Is this really relevant news? Please share more bug reports from popular services and tools. Feels a tiny bit biased. My CC is just fine since at least three weeks.
Actually its just one opus aimed at a codebase with one goal, and instruction to spawn 2 subagents: one worker, that comes up with implementation plan, one validator that validates the proposed plan against my guardrails, and then return back to subagent1 to implement this, where the second subagent again tests the implementation.
One loop of this can take 20-60 min, and eat 2-5% of my week limit. I have to actively slow myself down to not burn trough more than 15-20% of my weekly limit in a day (as I also like to work on it on weekends)

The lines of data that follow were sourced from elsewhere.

lemma emeasure_bzip_minus_box:
  assumes "0 \<le> L1" "0 \<le> L2" "0 \<le> phi" "phi \<le> 1" "0 \<le> t" "t \<le> 1"
  shows "emeasure (bzip_space (L1, L2) t phi) (bzip_minus_rv (L1, L2) t -` ({..a} \<times> {..b}))
    = ennreal (phi + (1 - phi) * bzip_sum_cdf L1 L2 t a b)"
proof -
  define N where "N = uniform_measure lborel {0..1::real}"
  define R where "R = pair_pmf (pois ((1 - t) * L1)) (pois ((1 - t) * L2))"
  define E where "E = bzip_minus_rv (L1, L2) t -` ({..a} \<times> {..b})"
  define g where "g y = (if fst y \<le> a \<and> snd y \<le> b
      then countermonotone_cdf (t * L1) (t * L2) (a - fst y) (b - snd y) else 0)" for y
  define S where "S = bzip_sum_cdf L1 L2 t a b"
  interpret N: prob_space N
    unfolding N_def by (intro prob_space_uniform_measure) auto
  have "0 \<le> S"
    using assms by (simp add: S_def bzip_sum_cdf_nonneg)
  have integral_R: "(\<integral>\<^sup>+y. ennreal (g y) \<partial>R) = ennreal S"
    using assms unfolding R_def g_def S_def bzip_sum_cdf_def
    by (intro nn_integral_pois_pair) (auto simp: countermonotone_cdf_def lower_frechet_def)
  have "emeasure (bzip_space (L1, L2) t phi) E =
      (\<integral>\<^sup>+z. emeasure N (Pair z -` E) \<partial>pair_pmf (bernoulli_pmf (1 - phi)) R)"
    using sets_bzip_minus_box[of "(L1, L2)" t a b phi]
    unfolding bzip_space_def fst_conv snd_conv N_def[symmetric] R_def[symmetric] E_def
    by (intro N.emeasure_pair_measure_alt) simp
  also have "\<dots> = (\<integral>\<^sup>+w. (if w then ennreal S else 1) \<partial>bernoulli_pmf (1 - phi))"
    unfolding nn_integral_pair_pmf'
    using assms by (intro nn_integral_cong) (auto simp: N_def E_def g_def emeasure_bzip_minus_section
        measure_pmf.emeasure_space_1 integral_R[unfolded g_def] simp del: emeasure_uniform_measure)
  also have "\<dots> = ennreal phi + ennreal S * ennreal (1 - phi)"
    using assms by (subst nn_integral_measure_pmf_support[of UNIV]) (auto simp: UNIV_bool)
  also have "\<dots> = ennreal (phi + (1 - phi) * S)"
    using assms \<open>0 \<le> S\<close>
    by (simp add: ennreal_mult[symmetric] ennreal_plus[symmetric] mult.commute del: ennreal_plus)
  finally show ?thesis unfolding E_def S_def .
qed

lemma H_minus_eq_bzip_sum_cdf:
  assumes "0 \<le> L1" "0 \<le> L2" "0 \<le> phi" "phi \<le> 1" "0 \<le> t" "t \<le> 1" "0 \<le> x1" "0 \<le> x2"
  shows "H_minus (L1, L2) phi t x1 x2 = phi + (1 - phi) * bzip_sum_cdf L1 L2 t (nat \<lfloor>x1\<rfloor>) (nat \<lfloor>x2\<rfloor>)"
proof -
  have "{\<omega> \<in> space (bzip_space (L1, L2) t phi).
        real (fst (bzip_minus_rv (L1, L2) t \<omega>)) \<le> x1 \<and> real (snd (bzip_minus_rv (L1, L2) t \<omega>)) \<le> x2}
      = bzip_minus_rv (L1, L2) t -` ({..nat \<lfloor>x1\<rfloor>} \<times> {..nat \<lfloor>x2\<rfloor>})"
    using assms by (auto simp: bzip_space_def space_pair_measure mem_Times_iff) linarith+
  moreover have "0 \<le> phi + (1 - phi) * bzip_sum_cdf L1 L2 t (nat \<lfloor>x1\<rfloor>) (nat \<lfloor>x2\<rfloor>)"
    using assms bzip_sum_cdf_nonneg by simp
  ultimately show ?thesis
    using assms by (simp add: H_minus_def measure_def emeasure_bzip_minus_box)
qed

lemma H_minus_neg_eq_0:
  assumes "x1 < 0 \<or> x2 < 0"
  shows "H_minus Lam phi t x1 x2 = 0"
proof -
  have "\<not> (real n \<le> x1 \<and> real m \<le> x2)" for n m
    using assms by linarith
  then have empty: "{\<omega> \<in> space (bzip_space Lam t phi).
      real (fst (bzip_minus_rv Lam t \<omega>)) \<le> x1 \<and> real (snd (bzip_minus_rv Lam t \<omega>)) \<le> x2} = {}"
    by blast
  show ?thesis
    unfolding H_minus_def empty by simp
qed

theorem corollary2:
  fixes lam1 lam2 phi theta theta' :: real
  assumes "0 < lam1" and "0 < lam2"
    and "0 \<le> phi" and "phi < 1"
    and "0 \<le> theta" and "theta < theta'" and "theta' \<le> 1"
  shows "\<forall>x1 x2 :: real.
           H_minus (lam1, lam2) phi theta' x1 x2 \<le> H_minus (lam1, lam2) phi theta x1 x2"
proof (intro allI)
  fix x1 x2 :: real
  show "H_minus (lam1, lam2) phi theta' x1 x2 \<le> H_minus (lam1, lam2) phi theta x1 x2"
  proof (cases "x1 < 0 \<or> x2 < 0")
    case True
    then show ?thesis by (simp add: H_minus_neg_eq_0)
  next
    case False
    have "bzip_sum_cdf lam1 lam2 theta' (nat \<lfloor>x1\<rfloor>) (nat \<lfloor>x2\<rfloor>)
        \<le> bzip_sum_cdf lam1 lam2 theta (nat \<lfloor>x1\<rfloor>) (nat \<lfloor>x2\<rfloor>)"
      using assms by (intro bzip_sum_cdf_antimono) auto
    then show ?thesis
      using assms False by (simp add: H_minus_eq_bzip_sum_cdf mult_left_mono)
  qed
qed

end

Sadly I cant share the actual problem I am working on as its not my secret to disclose, but its nothing "crazy", and I am so surprised others dont have similar experience.
Very similar to what I am doing. How big is the codebase? My biggest was about 250K LOC and the usual is about 10K LOC. I am really curious about figuring this out because I'm genuinely puzzled.

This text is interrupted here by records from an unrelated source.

lemma cyc_shift_multiple:
  assumes "x \<in> {1..N}" and "t mod N = 0"
  shows "cyc_shift N t x = x"
proof -
  have "(x - 1 + t) mod N = (x - 1 + t mod N) mod N" by (rule mod_add_right_eq[symmetric])
  also have "\<dots> = x - 1" using assms by (simp, intro mod_less) auto
  finally show ?thesis using assms by (simp add: cyc_shift_def)
qed

lemma cyc_shift_eq:
  assumes x: "x \<in> {1..N}" and t: "t < N"
  shows "cyc_shift N t x = (if x + t \<le> N then x + t else x + t - N)"
proof (cases "x + t \<le> N")
  case True
  then show ?thesis using x by (simp add: cyc_shift_def)
next
  case False
  then have "(x - 1 + t) mod N = x - 1 + t - N" using x t by (simp add: le_mod_geq)
  then show ?thesis using False x by (simp add: cyc_shift_def)
qed

lemma cyc_shift_1: "x \<in> {1..N} \<Longrightarrow> cyc_shift N 1 x = cyc_next N x"
  by (auto simp: cyc_shift_def cyc_next_def)

lemma add_mod_complement: "0 < N \<Longrightarrow> (N - t mod N + t) mod N = (0::nat)"
proof -
  assume N: "0 < N"
  have "t mod N < N" "t mod N \<le> t" using N by (simp_all add: mod_less_eq_dividend)
  then have "N - t mod N + t = N * Suc (t div N)"
    using mult_div_mod_eq[of N t] by (simp only: mult_Suc_right)
  then show ?thesis by simp
qed

lemma cyc_shift_inverse:
  assumes x: "x \<in> {1..N}" shows "cyc_shift N (N - t mod N) (cyc_shift N t x) = x"
  unfolding cyc_shift_add using x by (intro cyc_shift_multiple add_mod_complement) auto

lemma bij_betw_cyc_shift:
  assumes "0 < N" shows "bij_betw (cyc_shift N t) {1..N} {1..N}"
  by (rule bij_betw_byWitness[where f'="cyc_shift N (N - t mod N)"])
    (auto simp: cyc_shift_in[OF assms, simplified] cyc_shift_inverse cyc_shift_commute[of N t])

lemma inj_on_cyc_shift: "inj_on (cyc_shift N t) {1..N}"
  by (metis inj_on_inverseI cyc_shift_inverse)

My code base is two monorepos 10M+ lines. I have the same experience as you - run 3-6 agents with remote devcontainers and tmux and rarely break the 75% usage, never had the weekly limit stop me.

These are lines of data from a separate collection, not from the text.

(* Let $Q_{2^n}$ ($n\ge 3$) be the generalized quaternion group of order $2^n$. A non-identity element $g\in Q_{2^n}$ is an isolated vertex of the undeleted difference graph of $Q_{2^n}$ if and only if $g$ has order $2$.
   Context: $Q_{2^n}=\langle x,y\mid x^{2^{n-1}}=1,\ y^2=x^{2^{n-2}},\ y^{-1}xy=x^{-1}\rangle$. For a finite group $G$ with identity $e$: the intersection power graph $\mathcal{G}_I(G)$ has vertex set $G$, two distinct non-identity vertices $x,y$ being adjacent iff $\langle x\rangle\cap\langle y\rangle\neq\{e\}$, and $e$ being adjacent to every other vertex. The power graph $\mathcal{P}(G)$ has vertex set $G$, two distinct vertices being adjacent iff one is a power of the other. The undeleted difference graph of $G$ has vertex set $G$ and edge set $E(\mathcal{G}_I(G))\setminus E(\mathcal{P}(G))$. *)

theory Defs
  imports "HOL-Algebra.Algebra"
begin

definition ipg_adj :: "('a, 'b) monoid_scheme \<Rightarrow> 'a \<Rightarrow> 'a \<Rightarrow> bool" where
  "ipg_adj G a b \<longleftrightarrow> a \<in> carrier G \<and> b \<in> carrier G \<and> a \<noteq> b \<and>
     (a = \<one>\<^bsub>G\<^esub> \<or> b = \<one>\<^bsub>G\<^esub> \<or>
      generate G {a} \<inter> generate G {b} \<noteq> {\<one>\<^bsub>G\<^esub>})"

definition power_adj :: "('a, 'b) monoid_scheme \<Rightarrow> 'a \<Rightarrow> 'a \<Rightarrow> bool" where
  "power_adj G a b \<longleftrightarrow> a \<in> carrier G \<and> b \<in> carrier G \<and> a \<noteq> b \<and>
     (\<exists>k::int. a = b [^]\<^bsub>G\<^esub> k \<or> b = a [^]\<^bsub>G\<^esub> k)"

definition diff_adj :: "('a, 'b) monoid_scheme \<Rightarrow> 'a \<Rightarrow> 'a \<Rightarrow> bool" where
  "diff_adj G a b \<longleftrightarrow> ipg_adj G a b \<and> \<not> power_adj G a b"

definition diff_isolated :: "('a, 'b) monoid_scheme \<Rightarrow> 'a \<Rightarrow> bool" where
  "diff_isolated G g \<longleftrightarrow> g \<in> carrier G \<and> (\<forall>h \<in> carrier G. \<not> diff_adj G g h)"

end

theory Submission
  imports Defs
begin

text \<open>
  G is the union of the cyclic subgroup H = \<langle>x\<rangle> of index 2 and the coset H y, and every
  element a y of that coset squares to z = x^(2^(n-2)). Hence z is the only element of order 2,
  and in a 2-group this means that z is a power of every non-identity element.
  Consequently z is adjacent in the power graph to every other vertex and is isolated in the
  difference graph. Any other non-identity g meets y (if g \<in> H) or x (if g \<in> H y) in
  \<langle>z\<rangle>, while neither of the two is a power of the other: a power commutes with its base,
  but an element of H commuting with an element of H y has order at most 2.
\<close>

lemma (in group) ord_eq_2_iff:
  assumes "g \<in> carrier G"
  shows "ord g = 2 \<longleftrightarrow> g \<noteq> \<one> \<and> g \<otimes> g = \<one>"
proof -
  have sq: "g [^] (2::nat) = g \<otimes> g"
    using assms by (simp add: numeral_2_eq_2)
  have "ord g = 2 \<longleftrightarrow> ord g dvd 2 \<and> ord g \<noteq> 1"
    using prime_nat_iff[of 2] by auto
  also have "\<dots> \<longleftrightarrow> g \<noteq> \<one> \<and> g \<otimes> g = \<one>"
    using assms ord_eq_1[OF assms] by (auto simp flip: sq pow_eq_id)
  finally show ?thesis .
qed

lemma (in group) int_pow_commute:
  assumes "g \<in> carrier G"
  shows "g \<otimes> g [^] (k::int) = g [^] k \<otimes> g"
  using int_pow_mult[OF assms, of 1 k] int_pow_mult[OF assms, of k 1] assms
  by (simp add: add.commute)

lemma (in group) cyclic_subgroup_unique_ord_2:
  assumes x: "x \<in> carrier G" and ord_x: "ord x = 2 * N"
    and w: "w \<in> generate G {x}" and ord_w: "ord w = 2"
  shows "w = x [^] N"
proof -
  obtain i :: int where i: "w = x [^] i"
    using w generate_pow[OF x] by auto
  have "x [^] (i * 2) = \<one>"
    using ord_w pow_ord_eq_1[of w] x by (simp add: i int_pow_pow flip: int_pow_int)
  then have "2 * int N dvd i * 2"
    using int_pow_eq_id[OF x] ord_x by simp
  then obtain m where m: "i = int N * m"
    by (auto elim: dvdE)
  have "\<not> 2 * int N dvd i"
    using ord_w ord_eq_2_iff[of w] int_pow_eq_id[OF x, of i] x ord_x by (simp add: i)
  then have "odd m"
    using m by auto
  then obtain q where "m = 2 * q + 1"
    by (auto elim: oddE)
  then have "2 * int N dvd int N - i"
    using m by (simp add: algebra_simps)
  then show ?thesis
    using int_pow_eq[OF x, of i "int N"] ord_x by (simp add: i int_pow_int)
qed

lemma (in group) unique_ord_2_in_every_cyclic_subgroup:
  assumes order: "order G = 2 ^ n"
    and unique: "\<And>w. w \<in> carrier G \<Longrightarrow> ord w = 2 \<Longrightarrow> w = z"
    and h: "h \<in> carrier G" "h \<noteq> \<one>"
  shows "z \<in> generate G {h}"
proof -
  obtain a where a: "ord h = 2 ^ a"
    using ord_dvd_group_order[OF h(1)] order by (auto simp: divides_primepow_nat)
  then obtain b where b: "a = Suc b"
    using h ord_eq_1 by (cases a) auto
  have "ord (h [^] (2::nat) ^ b) = 2"
    using ord_pow[OF h(1), of "2 ^ b"] a b by simp
  then have "h [^] (2::nat) ^ b = z"
    using unique h(1) by simp
  then have "z = h [^] int (2 ^ b)"
    by (simp only: int_pow_int)
  then show ?thesis
    using generate_pow[OF h(1)] by blast
qed

section \<open>The undeleted difference graph\<close>

lemma diff_isolated_if_in_every_cyclic_subgroup:
  fixes G (structure)
  assumes "group G" and z: "z \<in> carrier G"
    and in_cyclic: "\<And>h. h \<in> carrier G \<Longrightarrow> h \<noteq> \<one> \<Longrightarrow> z \<in> generate G {h}"
  shows "diff_isolated G z"
proof -
  interpret group G by fact
  have "power_adj G z h" if "h \<in> carrier G" "h \<noteq> z" for h
  proof (cases "h = \<one>")
    case True
    then have "h = z [^] (0::int)" by simp
    then show ?thesis unfolding power_adj_def using z that by blast
  next
    case False
    then show ?thesis
      using in_cyclic[OF that(1)] generate_pow[OF that(1)] z that unfolding power_adj_def by blast
  qed
  then show ?thesis
    unfolding diff_isolated_def diff_adj_def ipg_adj_def using z by blast
qed

lemma diff_adjI:
  fixes G (structure)
  assumes "group G" and g: "g \<in> carrier G" and h: "h \<in> carrier G"
    and "z \<noteq> \<one>" "z \<in> generate G {g}" "z \<in> generate G {h}"
    and "g \<notin> generate G {h}" "h \<notin> generate G {g}"
  shows "diff_adj G g h"
proof -
  interpret group G by fact
  have "g \<noteq> h"
    using assms generate.incl[of g "{g}" G] by blast
  moreover have "\<not> (\<exists>k::int. g = h [^] k \<or> h = g [^] k)"
    using assms generate_pow[OF g] generate_pow[OF h] by blast
  ultimately show ?thesis
    using assms unfolding diff_adj_def ipg_adj_def power_adj_def by blast
qed

section \<open>Generalized quaternion groups\<close>

locale generalized_quaternion = group G for G (structure) +
  fixes n :: nat and x y :: 'a
  assumes n_ge_3: "n \<ge> 3"
    and finite_carrier: "finite (carrier G)"
    and order_eq: "order G = 2 ^ n"
    and x_closed: "x \<in> carrier G" and y_closed: "y \<in> carrier G"
    and generate_x_y: "generate G {x, y} = carrier G"
    and x_pow: "x [^] ((2::nat) ^ (n - 1)) = \<one>"
    and y_square: "y [^] (2::nat) = x [^] ((2::nat) ^ (n - 2))"
    and y_conj_x: "inv y \<otimes> x \<otimes> y = inv x"
begin

abbreviation H :: "'a set" where "H \<equiv> generate G {x}"

definition z :: 'a where "z = x [^] ((2::nat) ^ (n - 2))"

lemma H_subgroup: "subgroup H G"
  using generate_is_subgroup x_closed by simp

lemma H_closed: "a \<in> H \<Longrightarrow> a \<in> carrier G"
  using subgroup.mem_carrier[OF H_subgroup] .

lemma x_in_H: "x \<in> H"
  by (simp add: generate.incl)

lemma z_in_H: "z \<in> H"
  unfolding z_def using subgroup_int_pow_closed[OF H_subgroup x_in_H, of "int (2 ^ (n - 2))"]
  by (simp only: int_pow_int)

My observations are these things impact both quality and token consumption a lot.
- Architecture matters really- how messy code is and how poorly things are organized makes a big difference
- how context window is managed especially now with default 1M window.
- How many MCP servers are used. MCP burn a lot, CLI tools are easy , quicker and good ones don't even need any additional harness like skills etc, just prompt to suggest using them.
- Using the right tool matters a lot
- What can be done with traditional deterministic tools have to be done that way with agent controlling (or even building) the tool not doing the tool's work with tokens.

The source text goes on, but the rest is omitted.